Statistical analysis
Our primary outcome was appropriate antibiotic use at the time of admission, defined as the correct choice and dose of agent for the diagnosis in question. Given the heterogeneity of training of pediatric staff, we anticipated there being a range of appropriate antibiotic use, so we consulted local, national, and international guidelines to assist in this determination. These guidelines included the formulary of the Children’s Hospital of Philadelphia (CHOP), PMH guidelines, Pediatric Lexicomp, South African medical formulary (SAMF), British National Formulary (BNF), Nelson’s and PMH pediatric guidelines “Pink Book.” Antibiotic use was deemed appropriate if it aligned with any of these guidelines. Secondary outcomes included appropriate antibiotic dosing and appropriate antibiotic use on discharge. We separately categorized antibiotic prescriptions using the WHO AWaRe Classification of Access, Watch, and Restrict and tracked proportion of use throughout hospitalization. 15 Associations between clinical factors and our outcome of interest, inappropriate antibiotic use, were assessed for using Fisher’s exact test. p-Values ⩽ 0.05 were considered statistically significant. Both clinically relevant variables and those with association using univariate analysis were then subjected to multivariate analysis, where logistic regression was used to calculate the relative risk (RR) of appropriate antibiotic use on admission adjusted for the other variables included. In addition to analyzing the full cohort, we performed the analysis using a sub-cohort of General Pediatrics participants only. This was due to the finding that all surgical participants had inappropriate antibiotic usage so there was no variability in terms of the primary outcome variable for that group. Stata v15 and SAS v9.4 were used for analyses. Power calculation was not performed as this was an observational study.
Results
Demographics
Our final study cohort included a total of 299 patients (Figure 1), of which 56% were male, 27% were HIV-exposed, and 4.4% were HIV-infected. Most participants were admitted to the General Pediatrics ward (n = 202, 68%) and the remainder to the Pediatric Surgery ward (n = 97, 32%). Only 23 (8%) of the cohort were classified as severely ill with an ITAT score of greater than or equal to 4 (Table 1). Infection was the most common reason for admission, and accounted for 29% of hospitalizations. Of these, pneumonia, sepsis, and gastroenteritis were the most common infectious diagnoses (Table 2). Median length of stay was 5 days (IQR 3–8). Outcome data were confirmed in 259 (87%) cases, and 246/259 (95%) survived and 13/259 (5%) died. However, a proportion of all patients were either transferred to another institution (n = 25, 8%) or had an unknown outcome (n = 15, 5%).
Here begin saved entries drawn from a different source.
lemma prod_kerF_le:
  fixes x :: "nat \<Rightarrow> real"
  assumes m: "m \<ge> 1" and n: "n \<ge> 1" and \<gamma>: "\<gamma> > 0" and \<delta>: "\<delta> > 0"
    and sup: "supnorm n x \<le> \<delta>" and sq: "sqnorm2 n x \<ge> (supnorm n x)\<^sup>2 + \<gamma>\<^sup>2"
    and t: "0 \<le> t" "t \<le> pi * real m / \<delta>"
  shows "(\<Prod>i<n. kerF m (x i * t / (2 * pi * real m))) \<le> 1"
    and "0 < t \<Longrightarrow> (\<Prod>i<n. kerF m (x i * t / (2 * pi * real m))) \<le> 360 / (\<gamma> * t)^2"
proof -
  obtain j where j: "j < n" "\<bar>x j\<bar> = supnorm n x" and le_sup: "\<And>i. i < n \<Longrightarrow> \<bar>x i\<bar> \<le> supnorm n x"
    using supnorm_attained[OF n] by blast
  have in_range: "\<bar>x i * t\<bar> \<le> pi * real m" if "i < n" for i
  proof -
    have "\<bar>x i * t\<bar> = \<bar>x i\<bar> * t" using t by (simp add: abs_mult)
    also have "\<dots> \<le> \<delta> * (pi * real m / \<delta>)" using le_sup[OF that] sup t by (intro mult_mono) auto
    also have "\<dots> = pi * real m" using \<delta> by simp
    finally show ?thesis .
  qed
  have gauss: "kerF m (x i * t / (2 * pi * real m)) \<le> exp (- min ((\<bar>x i\<bar> * t)^2) 1 / 20)"
    if "i < n" for i
    using kerF_scaled_le(1)[OF m in_range[OF that]] by (simp add: power_mult_distrib)
  have inv: "kerF m (x i * t / (2 * pi * real m)) \<le> 3 / (\<bar>x i\<bar> * t)"
    if "i < n" "0 < \<bar>x i\<bar> * t" for i
  proof -
    have "x i * t \<noteq> 0" using that(2) by auto
    then show ?thesis using kerF_scaled_le(2)[OF m in_range[OF that(1)]] t by (simp add: abs_mult)
  qed
  have kerF_le_1: "kerF m (x i * t / (2 * pi * real m)) \<le> 1" if "i < n" for i
    using gauss[OF that] order_trans by fastforce
  show "(\<Prod>i<n. kerF m (x i * t / (2 * pi * real m))) \<le> 1"
    using kerF_nonneg kerF_le_1 by (intro prod_le_1) auto
  assume "0 < t"
  have "(x j)^2 = (supnorm n x)^2" using j(2) by (metis power2_abs)
  then have "\<gamma>\<^sup>2 \<le> (\<Sum>i\<in>{..<n} - {j}. (x i)^2)"
    using sq j(1) by (simp add: sqnorm2_def sum.remove)
  then have "(\<gamma> * t)^2 \<le> (\<Sum>i\<in>{..<n} - {j}. (x i)^2) * t^2"
    unfolding power_mult_distrib by (rule mult_right_mono) simp
  also have "\<dots> = (\<Sum>i\<in>{..<n} - {j}. (\<bar>x i\<bar> * t)^2)"
    by (simp add: sum_distrib_right power_mult_distrib)
  finally have "(\<gamma> * t)^2 \<le> (\<Sum>i\<in>{..<n} - {j}. (\<bar>x i\<bar> * t)^2)" .
  then show "(\<Prod>i<n. kerF m (x i * t / (2 * pi * real m))) \<le> 360 / (\<gamma> * t)^2"
  proof (rule prod_le_inverse_square[where s="\<lambda>i. \<bar>x i\<bar> * t" and j=j, rotated -1])
    show "finite {..<n}" "j \<in> {..<n}" "0 < \<gamma> * t" using j \<gamma> \<open>0 < t\<close> by auto
    show "0 \<le> \<bar>x i\<bar> * t \<and> \<bar>x i\<bar> * t \<le> \<bar>x j\<bar> * t" if "i \<in> {..<n}" for i
      using le_sup[of i] j(2) that t by (simp add: mult_right_mono)
  qed (use gauss inv kerF_nonneg in blast)+
qed

lemma has_integral_min_inverse_square:
  fixes r T :: real
  assumes r: "r > 0" and T: "T \<ge> 0"
  obtains I where "((\<lambda>t. if t \<le> r then 1 else r^2/t^2) has_integral I) {0..T}" "I \<le> 2*r"
proof (cases "T \<le> r")
  case True
  have "((\<lambda>t. 1) has_integral T) {0..T}" using has_integral_const_real[of "1::real" 0 T] T by simp
  then have "((\<lambda>t. if t \<le> r then 1 else r^2/t^2) has_integral T) {0..T}"
    using True by (subst has_integral_cong[where g="\<lambda>t. 1"]) auto
  then show ?thesis using that True r by auto
next
  case False
  have "((\<lambda>t. 1) has_integral r) {0..r}" using has_integral_const_real[of "1::real" 0 r] r by simp
  then have left: "((\<lambda>t. if t \<le> r then 1 else r^2/t^2) has_integral r) {0..r}"
    by (subst has_integral_cong[where g="\<lambda>t. 1"]) auto
  have "((\<lambda>t. r^2/t^2) has_integral (- (r^2/T)) - (- (r^2/r))) {r..T}"
  proof (rule fundamental_theorem_of_calculus)
    show "r \<le> T" using False by simp
    fix t assume "t \<in> {r..T}"
    then have "t > 0" using r by auto
    then have "((\<lambda>t. - (r^2/t)) has_real_derivative (r^2/t^2)) (at t within {r..T})"
      by (auto intro!: derivative_eq_intros simp: power2_eq_square field_simps)
    then show "((\<lambda>t. - (r^2/t)) has_vector_derivative (r^2/t^2)) (at t within {r..T})"
      by (simp add: has_real_derivative_iff_has_vector_derivative)
  qed
  then have right: "((\<lambda>t. if t \<le> r then 1 else r^2/t^2) has_integral (r - r^2/T)) {r..T}"
    using r by (subst has_integral_cong[where g="\<lambda>t. r^2/t^2"]) (auto simp: power2_eq_square)
  have "((\<lambda>t. if t \<le> r then 1 else r^2/t^2) has_integral (r + (r - r^2/T))) {0..T}"
    using left right False r by (intro has_integral_combine) auto
  moreover have "r + (r - r^2/T) \<le> 2*r" using T by simp
  ultimately show ?thesis using that by blast
qed

theorem lemma5p8:
  "\<exists>c::real. c > 0 \<and>
     (\<forall>(m::nat) (n::nat) (\<gamma>::real) (\<delta>::real) (x::nat \<Rightarrow> real).
        m \<ge> 1 \<longrightarrow> n \<ge> 1 \<longrightarrow> \<gamma> > 0 \<longrightarrow> \<delta> > 0 \<longrightarrow>
        supnorm n x \<le> \<delta> \<longrightarrow>
        sqnorm2 n x \<ge> (supnorm n x)\<^sup>2 + \<gamma>\<^sup>2 \<longrightarrow>
        integral {0 .. pi * real m / \<delta>}
          (\<lambda>t. \<Prod>i<n. kerF m (x i * t / (2 * pi * real m))) \<le> c / \<gamma>)"
proof (intro exI[of _ 38] conjI allI impI)
  show "(0::real) < 38" by simp
  fix m n :: nat and \<gamma> \<delta> :: real and x :: "nat \<Rightarrow> real"
  assume m: "m \<ge> 1" and n: "n \<ge> 1" and \<gamma>: "\<gamma> > 0" and \<delta>: "\<delta> > 0"
    and sup: "supnorm n x \<le> \<delta>" and sq: "sqnorm2 n x \<ge> (supnorm n x)\<^sup>2 + \<gamma>\<^sup>2"
  define r where "r = 19 / \<gamma>"
  define H where "H = (\<lambda>t::real. if t \<le> r then 1 else r^2 / t^2)"
  have r: "r > 0" using \<gamma> by (simp add: r_def)
  have majorant: "(\<Prod>i<n. kerF m (x i * t / (2 * pi * real m))) \<le> H t"
    if "t \<in> {0 .. pi * real m / \<delta>}" for t
  proof (cases "t \<le> r")
    case True
    then show ?thesis using prod_kerF_le(1)[OF m n \<gamma> \<delta> sup sq] that by (simp add: H_def)
  next
    case False
    then have "0 < t" using r by simp
    then have "(\<Prod>i<n. kerF m (x i * t / (2 * pi * real m))) \<le> 360 / (\<gamma> * t)^2"
      using prod_kerF_le(2)[OF m n \<gamma> \<delta> sup sq] that by simp
    also have "\<dots> \<le> r^2 / t^2" using \<gamma> \<open>0 < t\<close> by (simp add: r_def power_divide divide_simps)
    finally show ?thesis using False by (simp add: H_def)
  qed
  obtain I where HI: "(H has_integral I) {0 .. pi * real m / \<delta>}" and "I \<le> 2 * r"
    using has_integral_min_inverse_square[OF r, of "pi * real m / \<delta>"] \<delta> unfolding H_def by auto
  then have "I \<le> 38 / \<gamma>" by (simp add: r_def)
  show "integral {0 .. pi * real m / \<delta>} (\<lambda>t. \<Prod>i<n. kerF m (x i * t / (2 * pi * real m)))
      \<le> 38 / \<gamma>"
  proof (cases "(\<lambda>t. \<Prod>i<n. kerF m (x i * t / (2 * pi * real m))) integrable_on {0 .. pi * real m / \<delta>}")
    case True
    then have "integral {0 .. pi * real m / \<delta>} (\<lambda>t. \<Prod>i<n. kerF m (x i * t / (2 * pi * real m))) \<le> I"
      using HI majorant by (intro has_integral_le[OF integrable_integral]) auto
    then show ?thesis using \<open>I \<le> 38 / \<gamma>\<close> by linarith
  next
    case False
    then show ?thesis using \<gamma> by (simp add: not_integrable_integral)
  qed
qed

end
Assembling the study cohort.
Patient characteristics.
BMI: body mass index; ITAT: inpatient triage, assessment, and treatment.
Leading diagnoses on admission.
Antibiotic utilization
Approximately half (n = 147, 49%) of the patients in our cohort were prescribed at least one antibiotic throughout their stay, including 119 (40%) who were prescribed at least one antibiotic on admission. Overall days of therapy (DOT) were 749 per 1000 patient days and DOT was greater for medical as compared to surgical patients (966 per 1000 patient days versus 413 per 1000 patient days). At the time of discharge, 52 (21%) patients were prescribed an antibiotic. Of all antibiotics prescribed, 42% were from the WHO Access antibiotic list, 58% were from the Watch antibiotic list, and 0% were prescribed antibiotics from the Restrict antibiotic list. (Figure 2) The most common antibiotics prescribed were third-generation cephalosporins, including ceftriaxone at a rate of 107 per 1000 patient days and cefotaxime at a rate of 75 per 1000 patient days, and co-trimoxazole at a rate of 69 per 1000 patient days. There was also a significant use of piperacillin/tazobactam and ampicillin, both at a rate of 61 per 1000 patient days (Figure 3).

Rate of antibiotic prescribing per 1000 patients by WHO category.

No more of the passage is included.